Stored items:

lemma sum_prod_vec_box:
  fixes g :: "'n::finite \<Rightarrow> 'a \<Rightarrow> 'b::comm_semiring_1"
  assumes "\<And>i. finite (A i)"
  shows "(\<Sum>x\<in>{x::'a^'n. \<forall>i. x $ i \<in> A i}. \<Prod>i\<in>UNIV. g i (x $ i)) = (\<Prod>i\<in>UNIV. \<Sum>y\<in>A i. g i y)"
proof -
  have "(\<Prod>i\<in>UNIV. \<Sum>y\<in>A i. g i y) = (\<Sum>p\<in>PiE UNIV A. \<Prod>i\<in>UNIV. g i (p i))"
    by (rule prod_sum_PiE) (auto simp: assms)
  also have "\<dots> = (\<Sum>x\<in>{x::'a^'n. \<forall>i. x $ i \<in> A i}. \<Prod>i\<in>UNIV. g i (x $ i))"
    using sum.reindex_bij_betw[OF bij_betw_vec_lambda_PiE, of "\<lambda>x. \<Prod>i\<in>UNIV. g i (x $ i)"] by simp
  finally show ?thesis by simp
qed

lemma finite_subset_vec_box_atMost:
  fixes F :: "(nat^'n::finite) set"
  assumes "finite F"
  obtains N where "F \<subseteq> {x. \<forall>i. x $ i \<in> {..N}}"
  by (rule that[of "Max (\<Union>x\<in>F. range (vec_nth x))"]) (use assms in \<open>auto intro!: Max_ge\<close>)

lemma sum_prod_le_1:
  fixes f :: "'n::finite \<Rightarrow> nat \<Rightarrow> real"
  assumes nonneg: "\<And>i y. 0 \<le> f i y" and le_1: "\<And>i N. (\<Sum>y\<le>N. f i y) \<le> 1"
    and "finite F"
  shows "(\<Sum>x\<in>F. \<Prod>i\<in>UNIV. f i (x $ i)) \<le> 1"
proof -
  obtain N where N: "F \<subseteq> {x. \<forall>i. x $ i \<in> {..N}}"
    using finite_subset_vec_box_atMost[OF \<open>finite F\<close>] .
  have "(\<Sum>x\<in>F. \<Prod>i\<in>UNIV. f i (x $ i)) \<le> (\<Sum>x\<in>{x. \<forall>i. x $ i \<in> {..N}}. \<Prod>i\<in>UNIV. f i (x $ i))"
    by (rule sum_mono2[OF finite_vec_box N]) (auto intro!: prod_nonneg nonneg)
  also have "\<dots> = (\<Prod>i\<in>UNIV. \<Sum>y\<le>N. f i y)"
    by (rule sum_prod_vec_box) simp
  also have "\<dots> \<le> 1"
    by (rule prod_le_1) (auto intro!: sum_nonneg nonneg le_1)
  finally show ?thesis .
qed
...
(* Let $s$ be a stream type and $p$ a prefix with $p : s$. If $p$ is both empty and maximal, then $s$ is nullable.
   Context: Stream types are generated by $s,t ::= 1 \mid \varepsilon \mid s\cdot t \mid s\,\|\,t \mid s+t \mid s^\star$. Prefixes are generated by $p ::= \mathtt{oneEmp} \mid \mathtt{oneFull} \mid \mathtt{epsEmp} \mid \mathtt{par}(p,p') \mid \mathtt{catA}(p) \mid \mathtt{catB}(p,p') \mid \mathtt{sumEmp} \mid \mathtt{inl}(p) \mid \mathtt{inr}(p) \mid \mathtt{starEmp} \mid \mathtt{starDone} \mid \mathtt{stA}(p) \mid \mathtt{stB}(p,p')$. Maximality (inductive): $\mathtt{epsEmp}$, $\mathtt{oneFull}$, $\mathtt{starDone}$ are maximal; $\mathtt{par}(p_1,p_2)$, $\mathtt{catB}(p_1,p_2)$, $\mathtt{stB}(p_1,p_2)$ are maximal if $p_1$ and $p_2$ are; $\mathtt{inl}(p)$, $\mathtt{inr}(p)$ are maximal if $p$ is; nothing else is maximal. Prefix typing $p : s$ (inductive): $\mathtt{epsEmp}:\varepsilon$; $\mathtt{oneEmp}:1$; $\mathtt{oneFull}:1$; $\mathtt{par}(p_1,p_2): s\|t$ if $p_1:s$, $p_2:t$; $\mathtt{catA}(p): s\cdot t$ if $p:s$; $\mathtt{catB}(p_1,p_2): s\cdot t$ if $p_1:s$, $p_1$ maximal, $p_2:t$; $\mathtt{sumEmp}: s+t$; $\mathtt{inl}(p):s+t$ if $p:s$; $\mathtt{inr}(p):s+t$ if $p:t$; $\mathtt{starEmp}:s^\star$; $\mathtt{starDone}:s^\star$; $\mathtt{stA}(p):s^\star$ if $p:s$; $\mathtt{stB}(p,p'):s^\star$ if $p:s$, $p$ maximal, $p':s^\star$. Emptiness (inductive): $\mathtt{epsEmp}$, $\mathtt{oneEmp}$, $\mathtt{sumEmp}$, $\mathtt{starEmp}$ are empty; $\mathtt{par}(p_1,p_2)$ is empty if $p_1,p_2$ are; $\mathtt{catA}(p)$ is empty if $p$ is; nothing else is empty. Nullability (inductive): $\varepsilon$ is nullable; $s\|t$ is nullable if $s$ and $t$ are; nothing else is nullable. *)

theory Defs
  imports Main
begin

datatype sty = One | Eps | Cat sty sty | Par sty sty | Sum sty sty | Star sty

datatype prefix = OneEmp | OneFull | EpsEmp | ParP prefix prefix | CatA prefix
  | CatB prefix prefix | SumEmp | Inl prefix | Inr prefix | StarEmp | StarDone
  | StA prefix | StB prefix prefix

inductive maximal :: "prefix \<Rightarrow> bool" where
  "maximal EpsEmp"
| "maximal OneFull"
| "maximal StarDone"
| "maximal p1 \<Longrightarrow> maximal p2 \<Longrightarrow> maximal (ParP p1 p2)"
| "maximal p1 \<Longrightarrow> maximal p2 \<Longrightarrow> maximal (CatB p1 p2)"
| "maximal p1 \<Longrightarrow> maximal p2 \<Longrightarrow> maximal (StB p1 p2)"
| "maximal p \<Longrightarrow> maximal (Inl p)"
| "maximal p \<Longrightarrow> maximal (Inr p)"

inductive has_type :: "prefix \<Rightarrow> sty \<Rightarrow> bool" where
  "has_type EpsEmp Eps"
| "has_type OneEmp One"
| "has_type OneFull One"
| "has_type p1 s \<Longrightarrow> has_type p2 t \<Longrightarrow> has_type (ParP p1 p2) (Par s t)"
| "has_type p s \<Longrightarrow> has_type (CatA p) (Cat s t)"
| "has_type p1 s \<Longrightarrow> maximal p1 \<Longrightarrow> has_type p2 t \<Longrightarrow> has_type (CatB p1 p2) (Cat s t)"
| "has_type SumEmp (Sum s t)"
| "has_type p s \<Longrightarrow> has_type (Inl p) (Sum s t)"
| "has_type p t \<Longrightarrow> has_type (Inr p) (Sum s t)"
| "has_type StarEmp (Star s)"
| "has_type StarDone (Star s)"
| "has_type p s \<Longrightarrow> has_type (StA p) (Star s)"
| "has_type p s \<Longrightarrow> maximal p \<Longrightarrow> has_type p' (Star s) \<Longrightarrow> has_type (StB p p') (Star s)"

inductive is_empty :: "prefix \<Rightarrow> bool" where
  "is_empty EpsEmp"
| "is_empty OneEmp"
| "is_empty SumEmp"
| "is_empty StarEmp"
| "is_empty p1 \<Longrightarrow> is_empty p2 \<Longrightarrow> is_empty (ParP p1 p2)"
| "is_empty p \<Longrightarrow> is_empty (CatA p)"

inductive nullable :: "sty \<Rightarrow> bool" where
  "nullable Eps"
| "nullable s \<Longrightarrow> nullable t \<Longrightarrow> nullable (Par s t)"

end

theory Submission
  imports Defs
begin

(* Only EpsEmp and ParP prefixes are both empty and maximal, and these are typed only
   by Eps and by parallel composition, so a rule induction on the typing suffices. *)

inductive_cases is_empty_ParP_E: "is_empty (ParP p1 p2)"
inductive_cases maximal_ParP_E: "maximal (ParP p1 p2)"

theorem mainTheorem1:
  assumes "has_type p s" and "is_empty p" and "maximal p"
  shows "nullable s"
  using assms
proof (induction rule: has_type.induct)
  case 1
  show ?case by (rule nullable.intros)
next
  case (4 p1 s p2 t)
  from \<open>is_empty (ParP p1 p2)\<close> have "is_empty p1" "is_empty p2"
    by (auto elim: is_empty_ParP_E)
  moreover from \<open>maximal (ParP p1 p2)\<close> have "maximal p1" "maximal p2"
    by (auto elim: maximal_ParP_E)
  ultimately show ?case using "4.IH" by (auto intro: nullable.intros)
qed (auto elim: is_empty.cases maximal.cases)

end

- _EXERCISE PROMPT_
State only how many lines above hold the string "from".

- _COMPLETED EXERCISE_
2